Zhao Qihang, Wang Qiang, Yao Qinghua, Yang Zhengdong, Li Wenfang, Cheng Xiaojie, Wen Yingling, Chen Rong, Xu Junfang, Wang Xuanying, Qin Dexiang, Zhu Shuyang, He Liujie, Li Nan, Wu Yanfeng, Yu Yizhi, Cao Xuetao, Wang Pin
National Key Laboratory of Immunity & Inflammation, Second Military Medical University, Shanghai, China.
Department of Urology, People's Hospital, Peking University, Beijing, China.
Cell Res. 2025 Feb;35(2):97-116. doi: 10.1038/s41422-024-01060-w. Epub 2025 Jan 6.
Immunometabolism is critical in the regulation of immunity and inflammation; however, the mechanism of preventing aberrant activation-induced immunopathology remains largely unclear. Here, we report that glyoxalase II (GLO2) in the glycolysis branching pathway is specifically downregulated by NF-κB signaling during innate immune activation via tristetraprolin (TTP)-mediated mRNA decay. As a result, its substrate S-D-lactoylglutathione (SLG) accumulates in the cytosol and directly induces D-lactyllysine modification of proteins. This nonenzymatic lactylation by SLG is greatly facilitated by a nearby cysteine residue, as it initially reacts with SLG to form a reversible S-lactylated thiol intermediate, followed by SN-transfer of the lactyl moiety to a proximal lysine. Lactylome profiling identifies 2255 lactylation sites mostly in cytosolic proteins of activated macrophages, and global protein structure analysis suggests that proximity to a cysteine residue determines the susceptibility of lysine to SLG-mediated D-lactylation. Furthermore, lactylation is preferentially enriched in proteins involved in immune activation and inflammatory pathways, and D-lactylation at lysine 310 (K310) of RelA attenuates inflammatory signaling and NF-κB transcriptional activity to restore immune homeostasis. Accordingly, TTP-binding site mutation or overexpression of GLO2 in vivo blocks this feedback lactylation in innate immune cells and promotes inflammation, whereas genetic deficiency or pharmacological inhibition of GLO2 restricts immune activation and attenuates inflammatory immunopathology both in vitro and in vivo. Importantly, dysregulation of the GLO2/SLG/D-lactylation regulatory axis is closely associated with human inflammatory phenotypes. Overall, our findings uncover an immunometabolic feedback loop of SLG-induced nonenzymatic D-lactylation and implicate GLO2 as a promising target for combating clinical inflammatory disorders.
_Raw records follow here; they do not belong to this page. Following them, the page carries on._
(* Let $A,Y\in\{0,1\}$ and let $R,R'\in[0,1]$ be random variables on the same probability space, with $\Pr\{A=a,Y=y\}>0$ for all $a,y$. Fix $a\in\{0,1\}$. Then for any point $p$ on the $A$-conditional ROC curve $\{C_a^R(t):t\in[0,1]\}$ of $R$, there is a point $q$ on the corresponding $A$-conditional ROC curve $\{C_a^{R'}(t):t\in[0,1]\}$ of $R'$ such that $\|p-q\|_2\le\sqrt{2}\cdot d_{\mathrm{K}}(R,R')$.
   Context: For a score $S\in[0,1]$ and $a\in\{0,1\}$, the $A$-conditional ROC curve is $C_a^S(t)=\left(\Pr\{S>t\mid A=a,Y=0\},\ \Pr\{S>t\mid A=a,Y=1\}\right)$, $t\in[0,1]$. The conditional Kolmogorov distance is $d_{\mathrm{K}}(R,R')=\max_{a,y\in\{0,1\}}\sup_{t\in[0,1]}\left|\Pr\{R>t\mid A=a,Y=y\}-\Pr\{R'>t\mid A=a,Y=y\}\right|$. *)

theory Defs
  imports "HOL-Probability.Probability"
begin

definition cond_surv ::
  "'w measure \<Rightarrow> ('w \<Rightarrow> nat) \<Rightarrow> ('w \<Rightarrow> nat) \<Rightarrow> ('w \<Rightarrow> real) \<Rightarrow> nat \<Rightarrow> nat \<Rightarrow> real \<Rightarrow> real" where
  "cond_surv M A Y S a y t =
     measure M {w \<in> space M. S w > t \<and> A w = a \<and> Y w = y} /
     measure M {w \<in> space M. A w = a \<and> Y w = y}"

definition cond_roc ::
  "'w measure \<Rightarrow> ('w \<Rightarrow> nat) \<Rightarrow> ('w \<Rightarrow> nat) \<Rightarrow> ('w \<Rightarrow> real) \<Rightarrow> nat \<Rightarrow> real \<Rightarrow> real \<times> real" where
  "cond_roc M A Y S a t = (cond_surv M A Y S a 0 t, cond_surv M A Y S a 1 t)"

definition cond_kolmogorov ::
  "'w measure \<Rightarrow> ('w \<Rightarrow> nat) \<Rightarrow> ('w \<Rightarrow> nat) \<Rightarrow> ('w \<Rightarrow> real) \<Rightarrow> ('w \<Rightarrow> real) \<Rightarrow> real" where
  "cond_kolmogorov M A Y R R' =
     Sup {\<bar>cond_surv M A Y R a y t - cond_surv M A Y R' a y t\<bar> | a y t.
            a \<in> {0,1} \<and> y \<in> {0,1} \<and> t \<in> {0..1}}"

end

theory Submission
  imports Defs
begin

text \<open>The point of the ROC curve of \<open>R'\<close> at the same threshold \<open>t\<close> works: each coordinate
  differs by a conditional survival difference at \<open>t\<close>, which is bounded by the conditional
  Kolmogorov distance, and two coordinates contribute the factor \<open>sqrt 2\<close>.\<close>

lemma dist_Pair_le_sqrt2:
  fixes x x' y y' :: real
  assumes "\<bar>x - x'\<bar> \<le> d" and "\<bar>y - y'\<bar> \<le> d"
  shows "dist (x, y) (x', y') \<le> sqrt 2 * d"
proof -
  have d: "0 \<le> d" using assms(1) by linarith
  have "(x - x')\<^sup>2 \<le> d\<^sup>2" "(y - y')\<^sup>2 \<le> d\<^sup>2"
    using assms abs_le_square_iff d by (metis abs_of_nonneg)+
  then have "sqrt ((x - x')\<^sup>2 + (y - y')\<^sup>2) \<le> sqrt (2 * d\<^sup>2)" by simp
  also have "\<dots> = sqrt 2 * d" using d by (simp add: real_sqrt_mult)
  finally show ?thesis by (simp add: dist_Pair_Pair dist_real_def)
qed

lemma cond_surv_bounds:
  assumes "prob_space M"
    and "A \<in> measurable M (count_space UNIV)" and "Y \<in> measurable M (count_space UNIV)"
  shows "0 \<le> cond_surv M A Y S a y t \<and> cond_surv M A Y S a y t \<le> 1"
proof -
  interpret prob_space M by fact
  have "{w \<in> space M. A w = a \<and> Y w = y} \<in> sets M"
    using assms(2,3) by measurable
  then have "measure M {w \<in> space M. S w > t \<and> A w = a \<and> Y w = y}
      \<le> measure M {w \<in> space M. A w = a \<and> Y w = y}"
    by (intro finite_measure_mono) auto
  then show ?thesis unfolding cond_surv_def
    by (cases "measure M {w \<in> space M. A w = a \<and> Y w = y} = 0")
      (auto simp: divide_le_eq_1 zero_less_measure_iff)
qed

text \<open>The supremum in \<open>cond_kolmogorov\<close> is a real \<open>Sup\<close>, so it bounds its elements only because
  survival probabilities lie in \<open>[0,1]\<close> and hence the set is bounded above.\<close>

lemma cond_surv_diff_le_cond_kolmogorov:
  assumes "prob_space M"
    and "A \<in> measurable M (count_space UNIV)" and "Y \<in> measurable M (count_space UNIV)"
    and "a \<in> {0,1}" and "y \<in> {0,1}" and "t \<in> {0..1}"
  shows "\<bar>cond_surv M A Y R a y t - cond_surv M A Y R' a y t\<bar> \<le> cond_kolmogorov M A Y R R'"
  unfolding cond_kolmogorov_def
proof (rule cSup_upper)
  show "bdd_above {\<bar>cond_surv M A Y R a y t - cond_surv M A Y R' a y t\<bar> | a y t.
      a \<in> {0,1} \<and> y \<in> {0,1} \<and> t \<in> {0..1}}"
  proof (rule bdd_aboveI[of _ 1])
    fix x assume "x \<in> {\<bar>cond_surv M A Y R a y t - cond_surv M A Y R' a y t\<bar> | a y t.
      a \<in> {0,1} \<and> y \<in> {0,1} \<and> t \<in> {0..1}}"
    then obtain a y t where "x = \<bar>cond_surv M A Y R a y t - cond_surv M A Y R' a y t\<bar>"
      by blast
    with cond_surv_bounds[OF assms(1-3), of R a y t] cond_surv_bounds[OF assms(1-3), of R' a y t]
    show "x \<le> 1" by auto
  qed
qed (use assms(4-6) in blast)

theorem lemma5p5:
  fixes M :: "'w measure" and A Y :: "'w \<Rightarrow> nat" and R R' :: "'w \<Rightarrow> real"
    and a :: nat and p :: "real \<times> real"
  assumes "prob_space M"
    and "A \<in> measurable M (count_space UNIV)" and "Y \<in> measurable M (count_space UNIV)"
    and "R \<in> borel_measurable M" and "R' \<in> borel_measurable M"
    and "\<forall>w\<in>space M. A w \<in> {0,1} \<and> Y w \<in> {0,1}"
    and "\<forall>w\<in>space M. R w \<in> {0..1} \<and> R' w \<in> {0..1}"
    and "\<forall>a'\<in>{0,1}. \<forall>y\<in>{0,1}. measure M {w \<in> space M. A w = a' \<and> Y w = y} > 0"
    and "a \<in> {0,1}"
    and "p \<in> cond_roc M A Y R a ` {0..1}"
  shows "\<exists>q \<in> cond_roc M A Y R' a ` {0..1}.
           dist p q \<le> sqrt 2 * cond_kolmogorov M A Y R R'"
proof -
  obtain t where t: "t \<in> {0..1}" and p: "p = cond_roc M A Y R a t"
    using assms(10) by blast
  have "dist p (cond_roc M A Y R' a t) \<le> sqrt 2 * cond_kolmogorov M A Y R R'"
    unfolding p cond_roc_def
    by (intro dist_Pair_le_sqrt2 cond_surv_diff_le_cond_kolmogorov) (use assms(1-3,9) t in auto)
  then show ?thesis using t by blast
qed

end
免疫代谢在免疫和炎症调节中至关重要;然而,防止异常激活诱导的免疫病理的机制在很大程度上仍不清楚。在此,我们报告糖酵解分支途径中的乙二醛酶II(GLO2)在先天免疫激活过程中通过锌指蛋白36(TTP)介导的mRNA降解被NF-κB信号特异性下调。结果,其底物S-D-乳酰谷胱甘肽(SLG)在细胞质中积累,并直接诱导蛋白质的D-乳酰赖氨酸修饰。SLG的这种非酶促乳酰化在附近的半胱氨酸残基的极大促进下发生,因为它最初与SLG反应形成可逆的S-乳酰化硫醇中间体,随后乳酰部分通过SN-转移至近端赖氨酸。乳酰化组分析确定了2255个乳酰化位点,主要位于活化巨噬细胞的胞质蛋白中,整体蛋白质结构分析表明,靠近半胱氨酸残基决定了赖氨酸对SLG介导的D-乳酰化的敏感性。此外,乳酰化优先富集于参与免疫激活和炎症途径的蛋白质中,RelA赖氨酸310(K310)处的D-乳酰化减弱炎症信号和NF-κB转录活性以恢复免疫稳态。因此,TTP结合位点突变或体内GLO2的过表达阻断了先天免疫细胞中的这种反馈性乳酰化并促进炎症,而GLO2的基因缺陷或药理学抑制在体外和体内均限制免疫激活并减轻炎症性免疫病理。重要的是,GLO2/SLG/D-乳酰化调节轴的失调与人类炎症表型密切相关。总体而言,我们的发现揭示了SLG诱导的非酶促D-乳酰化的免疫代谢反馈回路,并表明GLO2是对抗临床炎症性疾病的有希望的靶点。